TREND-DEFIANT. Even against such a strong field, some Hot Growth Companies were real standouts. No.1 on this year's list is Just Toys Inc. Toy industry veterans Allan Rigberg and Rose Evangelista founded the New York-based company in 1989, and quickly scooped up key licensing agreements with such heavyweights as Walt Disney, Marvel Comics, and Hanna-Barbera. Just Toys has manufactured dozens of popular products based on characters such as the Jetsons and the Little Mermaid. And their popularity made for one impressive bottom line. Earnings climbed by a staggering 110% in 1992, to $2.5 million, while sales ballooned by 137%, to $32.5 million.

Can these small companies maintain their momentum in the year ahead? There's reason to wonder. Slow spending by businesses and consumers means that the economy might limp along for the rest of 1993. And the Administration's plans for health-care reform and tax hikes may penalize small businesses.

Wall Street has already grown leery of certain growth stocks. Claudia Mott, director of small-cap research at Prudential Securities Inc., says investors have been pulling out of health-care stocks because of the political uncertainties. They also aren't keen on high-tech stocks, whose earnings haven't kept pace with expectations. Because of their strong three-year financial performance, such companies dominate this year's Hot Growth list. As a result, the shares on this year's list are trading at an average of 25% below their 52-week highs. Mott says investors are starting to turn to basic industries that have been overlooked. Trucking, manufacturing, and utilities are among the favored sectors, says Mott.

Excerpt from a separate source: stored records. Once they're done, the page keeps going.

section \<open>Hyperplane sections of flats\<close>

definition tflat_section ::
    "nat \<Rightarrow> (nat \<Rightarrow> nat \<Rightarrow> bool) \<Rightarrow> (nat \<Rightarrow> bool) \<Rightarrow> nat set \<Rightarrow> nat set set \<Rightarrow> bool" where
  "tflat_section n B e u E \<longleftrightarrow> E = {} \<or> E = tflat n B e u \<or>
     (\<exists>s B' e'. s < n \<and> s \<notin> u \<and> E = tflat n B' e' (insert s u))"

lemma tflat_section_Suc:
  assumes u: "u \<subseteq> {..<Suc n}" and E: "\<And>X. X \<in> E \<Longrightarrow> X \<subseteq> {..<Suc n}"
    and lower: "\<And>Y. Y \<subseteq> {..<n} \<Longrightarrow> Y \<in> E \<longleftrightarrow> Y \<in> E0 \<and> (n \<in> u \<longrightarrow> \<not> tri_rhs B e n Y)"
    and upper: "\<And>Y. Y \<subseteq> {..<n} \<Longrightarrow> insert n Y \<in> E \<longleftrightarrow> Y \<in> E0 \<and> (n \<in> u \<longrightarrow> tri_rhs B e n Y)"
    and E0: "tflat_section n B e (u - {n}) E0"
  shows "tflat_section (Suc n) B e u E"
  using E0[unfolded tflat_section_def]
proof (elim disjE exE conjE)
  assume "E0 = {}"
  then have "E = {}"
    using lower upper by (intro family_eqI_Suc[of _ n]) (simp_all add: E)
  then show ?thesis unfolding tflat_section_def by blast
next
  assume "E0 = tflat n B e (u - {n})"
  then have "E = tflat (Suc n) B e u"
    using lower upper by (intro tflat_Suc_eqI u) (simp_all add: E)
  then show ?thesis unfolding tflat_section_def by blast
next
  fix s B' e' assume s: "s < n" "s \<notin> u - {n}" and E0: "E0 = tflat n B' e' (insert s (u - {n}))"
  \<comment> \<open>the new flat takes its row \<open>n\<close> from \<open>(B, e)\<close> and its lower rows from \<open>(B', e')\<close>\<close>
  define B'' where "B'' = B'(n := B n)"
  define e'' where "e'' = e'(n := e n)"
  have "insert s u - {n} = insert s (u - {n})" "n \<in> insert s u \<longleftrightarrow> n \<in> u"
    using s by auto
  moreover have "tflat n B'' e'' (insert s (u - {n})) = E0"
    unfolding B''_def e''_def E0 using s by (intro tflat_fun_upd) simp
  moreover have "tri_rhs B'' e'' n = tri_rhs B e n"
    unfolding B''_def e''_def tri_rhs_def by simp
  moreover have "insert s u \<subseteq> {..<Suc n}"
    using u s by auto
  ultimately have "E = tflat (Suc n) B'' e'' (insert s u)"
    using lower upper by (intro tflat_Suc_eqI) (simp_all add: E)
  moreover have "s < Suc n" "s \<notin> u"
    using s by auto
  ultimately show ?thesis unfolding tflat_section_def by blast
qed

lemma mem_tflat_Int_hyperplane_Suc:
  assumes "u \<subseteq> {..<Suc n}" "Y \<subseteq> {..<n}"
  shows "Y \<in> tflat (Suc n) B e u \<inter> {Y. odd (card (L \<inter> Y)) = c} \<longleftrightarrow>
      Y \<in> tflat n B e (u - {n}) \<and> (n \<in> u \<longrightarrow> \<not> tri_rhs B e n Y) \<and> odd (card (L \<inter> Y)) = c"
    and "insert n Y \<in> tflat (Suc n) B e u \<inter> {Y. odd (card (L \<inter> Y)) = c} \<longleftrightarrow>
      Y \<in> tflat n B e (u - {n}) \<and> (n \<in> u \<longrightarrow> tri_rhs B e n Y) \<and> (odd (card (L \<inter> Y)) \<noteq> (n \<in> L)) = c"
proof -
  have "finite Y" "n \<notin> Y"
    using assms(2) finite_subset by auto
  then show "Y \<in> tflat (Suc n) B e u \<inter> {Y. odd (card (L \<inter> Y)) = c} \<longleftrightarrow>
      Y \<in> tflat n B e (u - {n}) \<and> (n \<in> u \<longrightarrow> \<not> tri_rhs B e n Y) \<and> odd (card (L \<inter> Y)) = c"
    and "insert n Y \<in> tflat (Suc n) B e u \<inter> {Y. odd (card (L \<inter> Y)) = c} \<longleftrightarrow>
      Y \<in> tflat n B e (u - {n}) \<and> (n \<in> u \<longrightarrow> tri_rhs B e n Y) \<and> (odd (card (L \<inter> Y)) \<noteq> (n \<in> L)) = c"
    using mem_tflat_Suc_lower[OF assms] mem_tflat_Suc_upper[OF assms] by (simp_all add: odd_card_Int_insert)
qed

lemma tflat_Int_hyperplane_new_pivot:
  assumes u: "u \<subseteq> {..<Suc n}" "n \<notin> u" and "n \<in> L"
  shows "tflat (Suc n) B e u \<inter> {Y. odd (card (L \<inter> Y)) = c}
    = tflat (Suc n) (B(n := (\<lambda>j. j \<in> L))) (e(n := \<not> c)) (insert n u)"
proof -
  define B' where "B' = B(n := (\<lambda>j. j \<in> L))"
  define e' where "e' = e(n := \<not> c)"
  have row: "tri_rhs B' e' n Y \<longleftrightarrow> odd (card (L \<inter> Y)) \<noteq> c" if "Y \<subseteq> {..<n}" for Y
  proof -
    have "{j. j < n \<and> B' n j} \<inter> Y = L \<inter> Y"
      unfolding B'_def using that by auto
    then show ?thesis
      unfolding tri_rhs_def e'_def by simp
  qed
  have lower: "tflat n B' e' (insert n u - {n}) = tflat n B e (u - {n})"
    unfolding B'_def e'_def using u(2) by (simp add: tflat_fun_upd)
  show ?thesis
    unfolding B'_def[symmetric] e'_def[symmetric]
  proof (rule tflat_Suc_eqI)
    show "insert n u \<subseteq> {..<Suc n}"
      using u(1) by auto
    fix Y assume Y: "Y \<subseteq> {..<n}"
    show "Y \<in> tflat (Suc n) B e u \<inter> {Y. odd (card (L \<inter> Y)) = c} \<longleftrightarrow>
        Y \<in> tflat n B' e' (insert n u - {n}) \<and> (n \<in> insert n u \<longrightarrow> \<not> tri_rhs B' e' n Y)"
      using mem_tflat_Int_hyperplane_Suc(1)[OF u(1) Y, of B e L c] row[OF Y] lower u(2) by (cases c) simp_all
    show "insert n Y \<in> tflat (Suc n) B e u \<inter> {Y. odd (card (L \<inter> Y)) = c} \<longleftrightarrow>
        Y \<in> tflat n B' e' (insert n u - {n}) \<and> (n \<in> insert n u \<longrightarrow> tri_rhs B' e' n Y)"
      using mem_tflat_Int_hyperplane_Suc(2)[OF u(1) Y, of B e L c] row[OF Y] lower u(2) \<open>n \<in> L\<close> by (cases c) simp_all
  qed (auto dest: tflat_subset)
qed

lemma tflat_section_hyperplane:
  "u \<subseteq> {..<n} \<Longrightarrow> tflat_section n B e u (tflat n B e u \<inter> {Y. odd (card (L \<inter> Y)) = c})"
proof (induction n arbitrary: u L c)
  case 0
  then have "tflat 0 B e u = {{}}"
    unfolding tflat_def by auto
  then show ?case
    unfolding tflat_section_def by (cases c) auto
next
  case (Suc n)
  note lower = mem_tflat_Int_hyperplane_Suc(1)[OF Suc.prems]
    and upper = mem_tflat_Int_hyperplane_Suc(2)[OF Suc.prems]
  show ?case
  proof (cases "n \<notin> u \<and> n \<in> L")
    case True
    \<comment> \<open>the hyperplane involves the free coordinate \<open>n\<close>, which becomes a new pivot\<close>
    then show ?thesis
      using tflat_Int_hyperplane_new_pivot[OF Suc.prems] unfolding tflat_section_def by blast
  next
    case False
    \<comment> \<open>on each half of the flat the hyperplane is one in the coordinates below \<open>n\<close>\<close>
    define L' where "L' = (if n \<in> L then sym_diff L {j. j < n \<and> B n j} else L)"
    define c' where "c' = (if n \<in> L then c = e n else c)"
    define E0 where "E0 = tflat n B e (u - {n}) \<inter> {Y. odd (card (L' \<inter> Y)) = c'}"
    have u': "u - {n} \<subseteq> {..<n}"
      using Suc.prems by auto
    have parity: "odd (card (L' \<inter> Y)) = c' \<longleftrightarrow>
        (if n \<in> L then (odd (card (L \<inter> Y)) \<noteq> tri_rhs B e n Y) = c else odd (card (L \<inter> Y)) = c)"
      if "Y \<subseteq> {..<n}" for Y
      using odd_card_sym_diff_Int[of Y L "{j. j < n \<and> B n j}"] finite_subset[OF that]
      unfolding L'_def c'_def tri_rhs_def by auto
    show ?thesis
    proof (rule tflat_section_Suc[OF Suc.prems])
      show "tflat_section n B e (u - {n}) E0"
        unfolding E0_def by (rule Suc.IH[OF u'])
      fix Y assume Y: "Y \<subseteq> {..<n}"
      show "Y \<in> tflat (Suc n) B e u \<inter> {Y. odd (card (L \<inter> Y)) = c} \<longleftrightarrow>
          Y \<in> E0 \<and> (n \<in> u \<longrightarrow> \<not> tri_rhs B e n Y)"
        using lower[OF Y] parity[OF Y] False unfolding E0_def by auto
      show "insert n Y \<in> tflat (Suc n) B e u \<inter> {Y. odd (card (L \<inter> Y)) = c} \<longleftrightarrow>
          Y \<in> E0 \<and> (n \<in> u \<longrightarrow> tri_rhs B e n Y)"
        using upper[OF Y] parity[OF Y] False unfolding E0_def by auto
    qed (auto dest: tflat_subset)
  qed
qed

lemma tflat_section_disagreement:
  assumes "u \<subseteq> {..<n}"
  shows "tflat_section n B e u {Y \<in> tflat n B e u. tri_rhs C d n Y \<noteq> tri_rhs C' d' n Y}"
proof -
  define L where "L = sym_diff {j. j < n \<and> C n j} {j. j < n \<and> C' n j}"
  have "tri_rhs C d n Y \<noteq> tri_rhs C' d' n Y \<longleftrightarrow> odd (card (L \<inter> Y)) = (d n = d' n)"
    if "Y \<in> tflat n B e u" for Y
  proof -
    have "finite Y"
      using tflat_subset[OF that] finite_subset by blast
    then show ?thesis
      unfolding L_def tri_rhs_def by (simp add: odd_card_sym_diff_Int) blast
  qed
  then have "{Y \<in> tflat n B e u. tri_rhs C d n Y \<noteq> tri_rhs C' d' n Y}
      = tflat n B e u \<inter> {Y. odd (card (L \<inter> Y)) = (d n = d' n)}"
    by blast
  then show ?thesis
    using tflat_section_hyperplane[OF assms] by simp
qed

section \<open>Symmetric differences of flats\<close>

lemma mem_sym_diff_tflat_Suc:
  assumes "u \<subseteq> {..<Suc n}" "Y \<subseteq> {..<n}"
  shows "Y \<in> sym_diff (tflat (Suc n) B e u) (tflat (Suc n) B' e' u) \<longleftrightarrow>
      (Y \<in> tflat n B e (u - {n}) \<and> (n \<in> u \<longrightarrow> \<not> tri_rhs B e n Y))
      \<noteq> (Y \<in> tflat n B' e' (u - {n}) \<and> (n \<in> u \<longrightarrow> \<not> tri_rhs B' e' n Y))"
    and "insert n Y \<in> sym_diff (tflat (Suc n) B e u) (tflat (Suc n) B' e' u) \<longleftrightarrow>
      (Y \<in> tflat n B e (u - {n}) \<and> (n \<in> u \<longrightarrow> tri_rhs B e n Y))
      \<noteq> (Y \<in> tflat n B' e' (u - {n}) \<and> (n \<in> u \<longrightarrow> tri_rhs B' e' n Y))"
  unfolding Un_iff Diff_iff mem_tflat_Suc_lower[OF assms] mem_tflat_Suc_upper[OF assms] by blast+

Of course, some small companies do well no matter what the economy does. "Growth companies often defy industry trends because they define or even create the industries in which they compete," says Mike DiCarlo, fund manager for John Hancock Special Equities Fund, which specializes in such stocks. If you're interested in scouting for some of these trend-defying highfliers, BUSINESS WEEK has a step-by-step guide on how to take up the hunt.

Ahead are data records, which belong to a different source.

(* Let $m>0$, let $S:M\to\mathbb{R}$ be a smooth function and let $\digamma_0$ be a smooth section of the even Clifford bundle $\mathcal{C\ell}^0(M,\eta)$ which is invertible at every point and satisfies $$-\boldsymbol{\partial}S=m\,\digamma_0\gamma^{0}\digamma_0^{-1}.$$ Put $\digamma=\digamma_0\,e^{S\gamma^{21}}$. If $\digamma$ satisfies the free Dirac-Hestenes equation $$\boldsymbol{\partial}\digamma\,\gamma^{21}-m\,\digamma\gamma^{0}=0,$$ then $\digamma_0$ satisfies the massless Dirac-Hestenes equation $\boldsymbol{\partial}\digamma_0=0$.
   Context: Minkowski spacetime $M\simeq\mathbb{R}^4$ with metric $\eta=\mathrm{diag}(1,-1,-1,-1)$ and global coordinates $\{x^\mu\}$. The $1$-forms $\gamma^\mu=dx^\mu$ are regarded as sections of the Clifford bundle of differential forms $\mathcal{C\ell}(M,\eta)$; juxtaposition denotes the Clifford product, with $\gamma^\mu\gamma^\nu+\gamma^\nu\gamma^\mu=2\eta^{\mu\nu}$. $\gamma^{21}:=\gamma^2\gamma^1$ (so $(\gamma^{21})^2=-1$) and $e^{S\gamma^{21}}=\cos S+\gamma^{21}\sin S$. The Dirac operator is $\boldsymbol{\partial}=\gamma^\mu\partial_\mu$, acting on a Clifford field $\psi$ by $\boldsymbol{\partial}\psi=\gamma^\mu(\partial_\mu\psi)$ (left Clifford multiplication); on a scalar function it gives $\boldsymbol{\partial}S=\gamma^\mu\partial_\mu S=dS$. $\mathcal{C\ell}^0(M,\eta)$ is the even subbundle (sums of $0$-, $2$- and $4$-forms). *)

theory Defs
  imports "HOL-Analysis.Analysis"
begin

text \<open>Real Clifford algebra of Minkowski spacetime, metric diag(1,-1,-1,-1).
  A multivector is a real vector indexed by blades, i.e. subsets A of the
  index type 4 = {0,1,2,3}; the basis blade for A = {a1 < ... < ak} is
  gamma^a1 ... gamma^ak (the empty set gives the scalar 1).\<close>

type_synonym mv = "real ^ (4 set)"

As in years past, software makers comprise the single biggest industry group on the Hot Growth list. In all, 14 appear on the rankings. Most benefited from higher personal-computer sales as manufacturers lowered prices. Platinum Technology Inc., based in Lombard, Ill., is the group leader, at No.21--but it's something of an exception. Surprisingly, the company excelled by making software for IBM mainframes. True, the popularity of mainframes is declining, but the switch to personal-computer networks takes time, and customers still need software to run their big computers. That's why Platinum's profits more than doubled to $9 million last year, as its sales soared 76%, to $49 million.One decidedly low-tech sector that's thriving is restaurants, thanks to stable food costs--and a certain amount of apathy about rising cholesterol counts. Five steakhouses and hamburger chains show up on this year's Hot Growth list. Lone Star Steakhouse & Saloon made it all the way to No.2.

DEEPER POOL. Despite the economic and policy jitters, there's at least one auspicious sign for growth companies: Money isn't as tight as it has been. True, banks remain stingy, but that could change. Clinton has named a banking task force to explore ways to relax lending standards to encourage more small-business loans. The panel's recommendations are expected in June. Meanwhile, the pool of venture capital has grown as institutional investors seek better returns than those available from the bond and stock markets. In 1992, $2.5 billion was raised to invest in new companies, compared with $1.3 billion in 1991, according to researcher Venture Economics.

What's more, small companies have been finding a warm welcome in the market for initial public stock offerings. Indeed, 26 of this year's Hot Growth Companies went public in the past 12 months. All told, there were a record 513 IPOs totaling $24 billion last year, according to Securities Data Co.

One of those newly public companies was Express Scripts, the mail-order drug retailer. Pulling off a successful IPO in the face of a Washington whipsaw of health-care politics is proof positive that Hot Growth Companies can make their own destinies.